La risata è un atto imprevedibile. Esiste quella indotta, figlia dello scherzo, e quella nervosa, partorita da situazioni esasperate. Niente però fa più divertire del ridicolo: l’assurdo infatti rappresentata la valvola di sfogo della semplicità che, con un solo passaggio giusto, diventa grottesca e pronta a dare spettacolo. Si svolgerà proprio seguendo la tematica dello stravolgimento della realtà la quarta edizione del festival Il senso del ridicolo, in programma a Livorno dal 27 al 29 settembre.
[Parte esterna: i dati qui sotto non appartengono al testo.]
(* Consider the blown-up Kolmogorov-flow system described in the context. Substitute the expansions $\bar u=\sum_{j\ge0}u^{(j)}r^j$, $\bar v=\sum_{j\ge0}v^{(j)}r^j$, $\bar p=r\sum_{j\ge0}p^{(j)}r^j$ (all functions of $(\bar x,y,\bar t)$, $2\pi$-periodic in $y\in(-\pi,\pi)$, with $\int_{-\pi}^\pi u^{(j)}dy=0$) into the equations and match powers of $r$, treating $r^{-1}\partial_{\bar t}r$ and $\bar{\mathcal R}(\bar t)$ as order one. Then at leading order $v^{(0)}=A(\bar x,\bar t)$ and $u^{(0)}=-\sqrt2\cos y\,A(\bar x,\bar t)$ for a real function $A$, i.e. $(u^{(0)},v^{(0)})=A\boldsymbol\varphi$ with $\boldsymbol\varphi=(-\sqrt2\cos y,1)^\top$, and a necessary condition for solvability (periodicity in $y$ of $p^{(3)}$) of the order-$r^3$ pressure equation is that $$\partial_{\bar t}A=-r(\bar t)^{-1}\partial_{\bar t}r(\bar t)\,A-3\partial_{\bar x}^4A-\sqrt2\,\bar{\mathcal R}(\bar t)\partial_{\bar x}^2A+\tfrac23\partial_{\bar x}^2(A^3).$$ Consequently, in charts (with $\beta=4$): $\mathcal K_1:\ \partial_{t_1}A_1=\tfrac{\varepsilon_1(t_1)}{2}A_1-3\partial_{x_1}^4A_1+\sqrt2\partial_{x_1}^2A_1+\tfrac23\partial_{x_1}^2(A_1^3)$; $\mathcal K_2:\ \partial_{t_2}A_2=-3\partial_{x_2}^4A_2-\sqrt2\mathcal R_2(t_2)\partial_{x_2}^2A_2+\tfrac23\partial_{x_2}^2(A_2^3)$; $\mathcal K_3:\ \partial_{t_3}A_3=-\tfrac{\varepsilon_3(t_3)}{2}A_3-3\partial_{x_3}^4A_3-\sqrt2\partial_{x_3}^2A_3+\tfrac23\partial_{x_3}^2(A_3^3)$, with $\varepsilon_1(t_1)=\frac{2\varepsilon_1(0)}{2-6\varepsilon_1(0)t_1}$, $\mathcal R_2(t_2)=\mathcal R_2(0)+t_2$, $\varepsilon_3(t_3)=\frac{2\varepsilon_3(0)}{2+6\varepsilon_3(0)t_3}$.
   Context: The underlying problem is the planar incompressible Navier–Stokes flow with Kolmogorov forcing and slowly increasing Reynolds number, on $(x,y)\in\mathbb R\times(-\pi,\pi)$ with periodic boundary conditions in $y$: for the perturbation $\mathbf U'=(u',v')$ of the basic flow $(\mathcal R\sin y,0)$ and pressure perturbation $p'$, $\partial_t\mathbf U'=-(\mathbf U'\cdot\nabla)\mathbf U'-\nabla p'+\Delta\mathbf U'-(\mathcal R'+\sqrt2)W\mathbf U'+\varepsilon(-\sin y,0)^\top$, $\dot{\mathcal R}'=\varepsilon$, where $W=\begin{pmatrix}\sin y\,\partial_x&\cos y\\0&\sin y\,\partial_x\end{pmatrix}$, $\mathcal R'=\mathcal R-\sqrt2$, with $\nabla\cdot\mathbf U'=0$ and zero mean flow $\int_{-\pi}^\pi u'\,dy=0$. The blow-up (with $\beta=4$) is $(\mathbf U',p')=r(\bar t)(\bar u,\bar v,\bar p)(\bar x,y,\bar t)$, $\mathcal R'=r^2\bar{\mathcal R}$, $\varepsilon=r^6\bar\varepsilon$, $(\bar{\mathcal R},\bar\varepsilon)\in S^1$, $\partial_x=r\partial_{\bar x}$, $\partial_t=r^4\partial_{\bar t}$ ($y$ is not rescaled). The resulting blown-up equations are $\partial_y\bar v=-r\partial_{\bar x}\bar u$, $\partial_y^2\bar u=\sqrt2\cos y\,\bar v+(\sqrt2\sin y\,\partial_{\bar x}\bar u+\bar v\partial_y\bar u)r+(\bar u\partial_{\bar x}\bar u-\partial_{\bar x}^2\bar u+\partial_{\bar x}\bar p+\bar{\mathcal R}\bar v\cos y)r^2+\bar{\mathcal R}\sin y\,\partial_{\bar x}\bar u\,r^3+(\partial_{\bar t}\bar u+r^{-1}\bar u\partial_{\bar t}r)r^4+\bar\varepsilon\sin y\,r^5$, $\partial_y\bar p=-\partial^2_{\bar xy}\bar u-\sqrt2\sin y\,\partial_{\bar x}\bar v-\bar v\partial_y\bar v+(-\bar u\partial_{\bar x}\bar v+\partial_{\bar x}^2\bar v)r-\bar{\mathcal R}\sin y\,\partial_{\bar x}\bar v\,r^2-(\partial_{\bar t}\bar v+\bar vr^{-1}\partial_{\bar t}r)r^3$, together with $\int_{-\pi}^\pi\bar u\,dy=0$. Charts: $\mathcal K_1$: $\bar{\mathcal R}=-1$, $\varepsilon=r_1^6\varepsilon_1$, $\dot r_1=-\tfrac12r_1\varepsilon_1$, $\dot\varepsilon_1=3\varepsilon_1^2$; $\mathcal K_2$: $\bar\varepsilon=1$, $\mathcal R'=r_2^2\mathcal R_2$, $\dot r_2=0$, $\dot{\mathcal R}_2=1$; $\mathcal K_3$: $\bar{\mathcal R}=1$, $\varepsilon=r_3^6\varepsilon_3$, $\dot r_3=\tfrac12r_3\varepsilon_3$, $\dot\varepsilon_3=-3\varepsilon_3^2$; $t_l,x_l,A_l$ denote desingularized time, space and amplitude in chart $\mathcal K_l$. *)

theory Defs
  imports "HOL-Analysis.Analysis"
begin

text \<open>Fields on (x, y, t) in R x R x T: first argument is the rescaled
  horizontal variable xbar, second the (unrescaled, 2pi-periodic) y, third
  the rescaled time tbar.\<close>

type_synonym fld = "real \<Rightarrow> real \<Rightarrow> real \<Rightarrow> real"

definition Dx :: "fld \<Rightarrow> fld" where
  "Dx f = (\<lambda>x y t. deriv (\<lambda>\<xi>. f \<xi> y t) x)"

definition Dy :: "fld \<Rightarrow> fld" where
  "Dy f = (\<lambda>x y t. deriv (\<lambda>\<eta>. f x \<eta> t) y)"

definition Dt :: "fld \<Rightarrow> fld" where
  "Dt f = (\<lambda>x y t. deriv (\<lambda>\<tau>. f x y \<tau>) t)"

fun iterD :: "nat list \<Rightarrow> fld \<Rightarrow> fld" where
  "iterD [] f = f"
| "iterD (d # ds) f = (if d = 0 then Dx else if d = 1 then Dy else Dt) (iterD ds f)"

definition smooth3 :: "real set \<Rightarrow> fld \<Rightarrow> bool" where
  "smooth3 T f \<longleftrightarrow>
     (\<forall>ds. continuous_on (UNIV \<times> UNIV \<times> T) (\<lambda>(x, y, t). iterD ds f x y t) \<and>
        (\<forall>x y t. t \<in> T \<longrightarrow>
            (\<lambda>\<xi>. iterD ds f \<xi> y t) differentiable (at x) \<and>
            (\<lambda>\<eta>. iterD ds f x \<eta> t) differentiable (at y) \<and>
            (\<lambda>\<tau>. iterD ds f x y \<tau>) differentiable (at t)))"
Organizzato dalla sezione Arte e Cultura della Fondazione Livorno, realizzato con il contributo del Comune di Livorno, con il patrocinio della Regione Toscana, la kermesse gode della direzione di Stefano Bartezzaghi, giornalista, scrittore e semiologo, tra i più celebri autori di giochi enigmistici in Italia,  in collaborazione con Aedes Siiq, Pictet e SIAE. Tre giorni in cui attori, star della radio, filosofi, scrittori, giornalisti e letterati discuteranno sul senso reale della risata, scomponendo le tematiche e rendendole vere e proprie fonte di lezioni sul ridicolo. Aprirà i lavori Massimo Recalcati, noto psicanalista, nella lectio magistralis che, venerdì 27 settembre alle 17:30, animerà la Piazza del Luogo Pio: un incontro che farà intendere come gli umoristi oscillino sempre tra dolore e farsa, mettendo insieme la loro creatività solo per cercare un modo di anestetizzare le proprie sofferenze. Ce lo insegna il grande Achille Campanile, scrittore e giornalista italiano del Novecento, a cui verrà dedicata la prima sera del Festival: per l’occasione, l’attrice Anna Bonaiuto, professionista della risata, leggerà alcune delle sue pagine pagine che toccano molte delle tematiche inerenti al ridicolo.

La risata, di tanto in tanto, è anche fatta di luoghi comuni, credenze radicate nella mente dei più e che plasmano la vita vera creando, di controcampo, ovviamente anche il rovesciamento della medaglia: il ridicolo, per l’appunto. Ascanio Celestini, altro nome noto tra gli ospiti, sta proprio lavorando ad un progetto multimediale che racchiuda al suo interno le barzellette più classiche per farne innovazione: l’idea verrà presentata in Piazza Luogo Pio domenica 29 settembre alle 11:30. Ai Bottini dell’Olio, invece, la stessa domenica alle 15 Marco Belpoliti tratterà nello specifico la parte assurdamente divertente della tristezza, avendo scelto dei brani tratti da Se questo è un uomo di Primo Levi  :suoi scritti, di recente rivalutati anche in chiave comica, rappresentano in alcuni tratti un esempio di sagacità comica.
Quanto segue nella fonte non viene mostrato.